YOUR GOAL: Once the line containing "(\<lambda>(s, r). (?rb" is found in the data below, output that line and every line after it through the last, unchanged and with nothing else.

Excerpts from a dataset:
__________________________________________________

lemma geod_curv_eq:
  assumes "t \<ge> 0" "r \<in> {-\<rho>..\<rho>}"
  shows "rs_geod_curv_up (Et u t) (Gt f u t) r = rs_flux (\<lambda>x. u x t) f r / (sqrt (u r t) * f r)"
  using rs_curvatures_conformal(2)[OF u_differentiable u_deriv_differentiable f_differentiable(1,2)]
    u_pos[OF assms] f_pos_at assms
  unfolding Et_def Gt_def by simp

lemma geod_curv_init:
  assumes "r \<in> {-\<rho>..\<rho>}"
  shows "rs_geod_curv_up E0 (G0 f) r = deriv f r / f r"
proof -
  have "rs_geod_curv_up (\<lambda>x. 1) (\<lambda>r. 1 * (f r)\<^sup>2) r = rs_flux (\<lambda>x. 1) f r / (sqrt 1 * f r)"
    using f_pos_at assms by (intro rs_curvatures_conformal(2)) (auto simp: f_differentiable)
  then show ?thesis by (simp add: E0_def G0_def rs_flux_def)
qed

lemma flux_boundary:
  assumes "t \<ge> 0"
  shows "rs_flux (\<lambda>x. u x t) f \<rho> = deriv f \<rho> * sqrt (u \<rho> t) / sqrt (phi_norm \<rho> f u t)"
    and "rs_flux (\<lambda>x. u x t) f (-\<rho>) = deriv f (-\<rho>) * sqrt (u (-\<rho>) t) / sqrt (phi_norm \<rho> f u t)"
proof -
  have "rs_flux (\<lambda>x. u x t) f r = deriv f r * sqrt (u r t) / sqrt (phi_norm \<rho> f u t)"
    if r: "r \<in> {\<rho>, -\<rho>}" for r
  proof -
    have "rs_flux (\<lambda>x. u x t) f r / (sqrt (u r t) * f r) = deriv f r / f r / sqrt (phi_norm \<rho> f u t)"
      using r boundary_condition[OF assms] geod_curv_eq[OF assms] geod_curv_init boundary_mem
      by (auto simp: rs_bdry_k_left_def rs_bdry_k_right_def)
    moreover have "sqrt (u r t) > 0" "f r > 0" "sqrt (phi_norm \<rho> f u t) > 0"
      using r boundary_mem u_pos[OF assms] f_pos_at phi_norm_pos by auto
    ultimately show ?thesis by (simp add: field_simps)
  qed
  then show "rs_flux (\<lambda>x. u x t) f \<rho> = deriv f \<rho> * sqrt (u \<rho> t) / sqrt (phi_norm \<rho> f u t)"
    and "rs_flux (\<lambda>x. u x t) f (-\<rho>) = deriv f (-\<rho>) * sqrt (u (-\<rho>) t) / sqrt (phi_norm \<rho> f u t)"
    by auto
qed

lemma rbar_eq_flux:
  assumes "t \<ge> 0"
  shows "rbar \<rho> f u t = -4 * pi * (rs_flux (\<lambda>x. u x t) f \<rho> - rs_flux (\<lambda>x. u x t) f (-\<rho>))"
  using rs_total_scalar_conformal[OF u_differentiable u_deriv_differentiable f_differentiable(1,2)]
    u_pos[OF assms] f_pos_at assms rho_pos
  unfolding rbar_def Et_def Gt_def by simp

lemma rbar_eq_integral:
  assumes "t \<ge> 0"
  shows "rbar \<rho> f u t = 2 * pi * integral {-\<rho>..\<rho>} (\<lambda>r. Rflow f u r t * (u r t * f r))"
proof -
  have "sqrt (Et u t r * Gt f u t r) = u r t * f r" if "r \<in> {-\<rho>..\<rho>}" for r
  proof -
    have "Et u t r * Gt f u t r = (u r t * f r)\<^sup>2" by (simp add: Et_def Gt_def power2_eq_square)
    then show ?thesis using u_pos[OF assms that] f_pos_at[OF that] by simp
  qed
  then show ?thesis
    unfolding rbar_def rs_total_scalar_def Rflow_def by (metis (no_types, lifting) integral_cong)
qed

lemma rbar_continuous: "continuous_on {0..} (rbar \<rho> f u)"
proof -
  have "continuous_on {0..} (\<lambda>t. rs_flux (\<lambda>x. u x t) f r)" if "r \<in> {-\<rho>..\<rho>}" for r
    using continuous_on_slice_fst[OF u_deriv_continuous that]
      continuous_on_slice_fst[OF u_continuous that] u_pos[OF _ that]
    unfolding rs_flux_def by (auto intro!: continuous_intros) (metis less_irrefl)
  then have "continuous_on {0..}
      (\<lambda>t. -4 * pi * (rs_flux (\<lambda>x. u x t) f \<rho> - rs_flux (\<lambda>x. u x t) f (-\<rho>)))"
    using boundary_mem by (auto intro!: continuous_intros)
  then show ?thesis by (rule continuous_on_eq) (use rbar_eq_flux in auto)
qed

lemma Rflow_continuous: "continuous_on ({-\<rho>..\<rho>} \<times> {0..}) (\<lambda>(r, t). Rflow f u r t)"
proof -
  let ?S = "{-\<rho>..\<rho>} \<times> {0::real..}"
  have cu: "continuous_on ?S (\<lambda>p. u (fst p) (snd p))"
    and cD1: "continuous_on ?S (\<lambda>p. deriv (\<lambda>x. u x (snd p)) (fst p))"
    and cD2: "continuous_on ?S (\<lambda>p. deriv (deriv (\<lambda>x. u x (snd p))) (fst p))"
    using u_continuous u_deriv_continuous u_deriv2_continuous by (simp_all add: case_prod_beta)
  have cf: "continuous_on ?S (\<lambda>p. f (fst p))" "continuous_on ?S (\<lambda>p. deriv f (fst p))"
    "continuous_on ?S (\<lambda>p. deriv (deriv f) (fst p))"
    by (auto intro!: continuous_on_compose2[OF f_continuous(1)] continuous_on_compose2[OF f_continuous(2)]
        continuous_on_compose2[OF f_continuous(3)] continuous_intros)
  have "u r t \<noteq> 0" "f r \<noteq> 0" if "(r, t) \<in> ?S" for r t
    using u_pos f_pos_at that by (metis SigmaE2 atLeast_iff less_irrefl)+
  then have "continuous_on ?S
      (\<lambda>p. -2 / (u (fst p) (snd p) * f (fst p)) * rs_flux_deriv (\<lambda>x. u x (snd p)) f (fst p))"
    unfolding rs_flux_deriv_def by (intro continuous_intros cu cD1 cD2 cf) auto
  then show ?thesis
    by (rule continuous_on_eq) (auto simp: Rflow_eq)
qed

lemma phi_norm_has_derivative:
  assumes "s \<in> {0..\<tau>}"
  shows "(phi_norm \<rho> f u has_real_derivative rbar \<rho> f u s * phi_norm \<rho> f u s) (at s within {0..\<tau>})"
proof -
  have "((\<lambda>s. integral {0..s} (rbar \<rho> f u)) has_real_derivative rbar \<rho> f u s) (at s within {0..\<tau>})"
    using integral_has_vector_derivative[OF continuous_on_subset[OF rbar_continuous] assms]
    by (simp add: has_real_derivative_iff_has_vector_derivative)
  from DERIV_exp[THEN DERIV_chain2, OF this] show ?thesis
    by (simp add: phi_norm_def[abs_def] mult.commute)
qed

lemma area_density_continuous:
  assumes "t \<ge> 0"
  shows "continuous_on {-\<rho>..\<rho>} (\<lambda>r. u r t * f r)"
  using continuous_on_mult[OF continuous_on_slice_snd[OF u_continuous] f_continuous(1)] assms
  by simp

lemma area_integral_has_derivative:
  assumes s: "s \<in> {0..\<tau>}"
  shows "((\<lambda>s. integral {-\<rho>..\<rho>} (\<lambda>r. u r s * f r)) has_real_derivative
      integral {-\<rho>..\<rho>} (\<lambda>r. (rbar \<rho> f u s - Rflow f u r s) * u r s * f r)) (at s within {0..\<tau>})"
proof -
  let ?rb = "rbar \<rho> f u"
  have JT: "{0..\<tau>} \<subseteq> {0..}" by auto
  have "((\<lambda>s. integral (cbox (-\<rho>) \<rho>) (\<lambda>r. u r s * f r)) has_real_derivative
      integral (cbox (-\<rho>) \<rho>) (\<lambda>r. (?rb s - Rflow f u r s) * u r s * f r)) (at s within {0..\<tau>})"
  proof (rule leibniz_rule_field_derivative[where fx = "\<lambda>s r. (?rb s - Rflow f u r s) * u r s * f r"])
    fix x r assume "x \<in> {0..\<tau>}" "r \<in> cbox (-\<rho>) \<rho>"
    then show "((\<lambda>s. u r s * f r) has_real_derivative (?rb x - Rflow f u r x) * u r x * f r)
        (at x within {0..\<tau>})"
      using DERIV_mult[OF DERIV_subset[OF u_time_derivative JT] DERIV_const[of "f r"]] by simp
  next
    fix x assume "x \<in> {0..\<tau>}"
    then show "(\<lambda>r. u r x * f r) integrable_on cbox (-\<rho>) \<rho>"
      using area_density_continuous by (simp add: integrable_continuous_interval)
  next
    have "continuous_on ({0..\<tau>} \<times> {-\<rho>..\<rho>}) (\<lambda>p. ?rb (fst p))"
      by (rule continuous_on_compose2[OF continuous_on_subset[OF rbar_continuous JT]])
         (auto intro!: continuous_intros)
    moreover have "continuous_on ({0..\<tau>} \<times> {-\<rho>..\<rho>}) (\<lambda>p. f (snd p))"
      by (rule continuous_on_compose2[OF f_continuous(1)]) (auto intro!: continuous_intros)
    ultimately show "continuous_on ({0..\<tau>} \<times> cbox (-\<rho>) \<rho>)
        (\<lambda>(s, r). (?rb s - Rflow f u r s) * u r s * f r)"
      using continuous_on_swap_subset[OF u_continuous JT] continuous_on_swap_subset[OF Rflow_continuous JT]
      by (auto simp: case_prod_beta intro!: continuous_intros)
  qed (use s in auto)
  then show ?thesis by simp
qed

__________________________________________________

RESULT OF THE EXERCISE:
        (\<lambda>(s, r). (?rb s - Rflow f u r s) * u r s * f r)"
      using continuous_on_swap_subset[OF u_continuous JT] continuous_on_swap_subset[OF Rflow_continuous JT]
      by (auto simp: case_prod_beta intro!: continuous_intros)
  qed (use s in auto)
  then show ?thesis by simp
qed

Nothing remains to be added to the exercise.